» **PROBLEM TO WORK ON**: From the entries below, please output exactly the lines starting at the one containing "V \<Longrightarrow> k" and ending at the one containing "obtain N where", both included.

[Collected data]
lemma completable_if_tournament:
  assumes design: "partial_star_design k V A" and D: "tournament V D" "design_arcs A \<subseteq> D"
    and dvd: "\<And>x. x \<in> V \<Longrightarrow> k dvd card ((D - design_arcs A) `` {x})"
  shows "completable k V A"
proof -
  have finite: "finite V" using design unfolding partial_star_design_def by blast
  have unforced: "D - design_arcs A \<subseteq> V \<times> V" "irrefl (D - design_arcs A)"
    using tournamentD(1,2)[OF D(1)] unfolding irrefl_def by (auto dest: asymD)
  obtain N where N: "\<And>S. S \<in> N \<Longrightarrow> is_star k V S" "design_arcs N = D - design_arcs A"
    "\<And>S T. S \<in> N \<Longrightarrow> T \<in> N \<Longrightarrow> S \<noteq> T \<Longrightarrow> star_arcs S \<inter> star_arcs T = {}"
    using stars_covering_arcs_exist[OF finite unforced dvd] by blast
  have arcs: "design_arcs (A \<union> N) = D"
    unfolding design_arcs_Un N(2) using D(2) by blast
  have old_new: "star_arcs S \<inter> star_arcs T = {}" if "S \<in> A" "T \<in> N" for S T
    using star_arcs_subset_design_arcs[OF that(1)] star_arcs_subset_design_arcs[OF that(2)] N(2)
    by blast
  have disjoint: "star_arcs S \<inter> star_arcs T = {}" if ST: "S \<in> A \<union> N" "T \<in> A \<union> N" "S \<noteq> T" for S T
    using ST(1,2) star_arcs_disjoint(1)[OF design _ _ ST(3)] N(3)[OF _ _ ST(3)]
      old_new[of S T] old_new[of T S] by blast
  have "is_star k V S" if "S \<in> A \<union> N" for S
    using that design N(1) unfolding partial_star_design_def by blast
  then have "partial_star_design k V (A \<union> N)"
    using tournamentD(2)[OF D(1)] disjoint
    unfolding arcs[symmetric] by (rule partial_star_design_if_arcs_disjoint[OF finite])
  moreover have "\<Union> (star_edges ` (A \<union> N)) = complete_edges V"
    by (simp only: Union_star_edges_eq_image_design_arcs arcs tournament_edges_eq_complete_edges[OF D(1)])
  ultimately show ?thesis unfolding completable_def by blast
qed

» **PROBLEM SOLUTION**:
    and dvd: "\<And>x. x \<in> V \<Longrightarrow> k dvd card ((D - design_arcs A) `` {x})"
  shows "completable k V A"
proof -
  have finite: "finite V" using design unfolding partial_star_design_def by blast
  have unforced: "D - design_arcs A \<subseteq> V \<times> V" "irrefl (D - design_arcs A)"
    using tournamentD(1,2)[OF D(1)] unfolding irrefl_def by (auto dest: asymD)
  obtain N where N: "\<And>S. S \<in> N \<Longrightarrow> is_star k V S" "design_arcs N = D - design_arcs A"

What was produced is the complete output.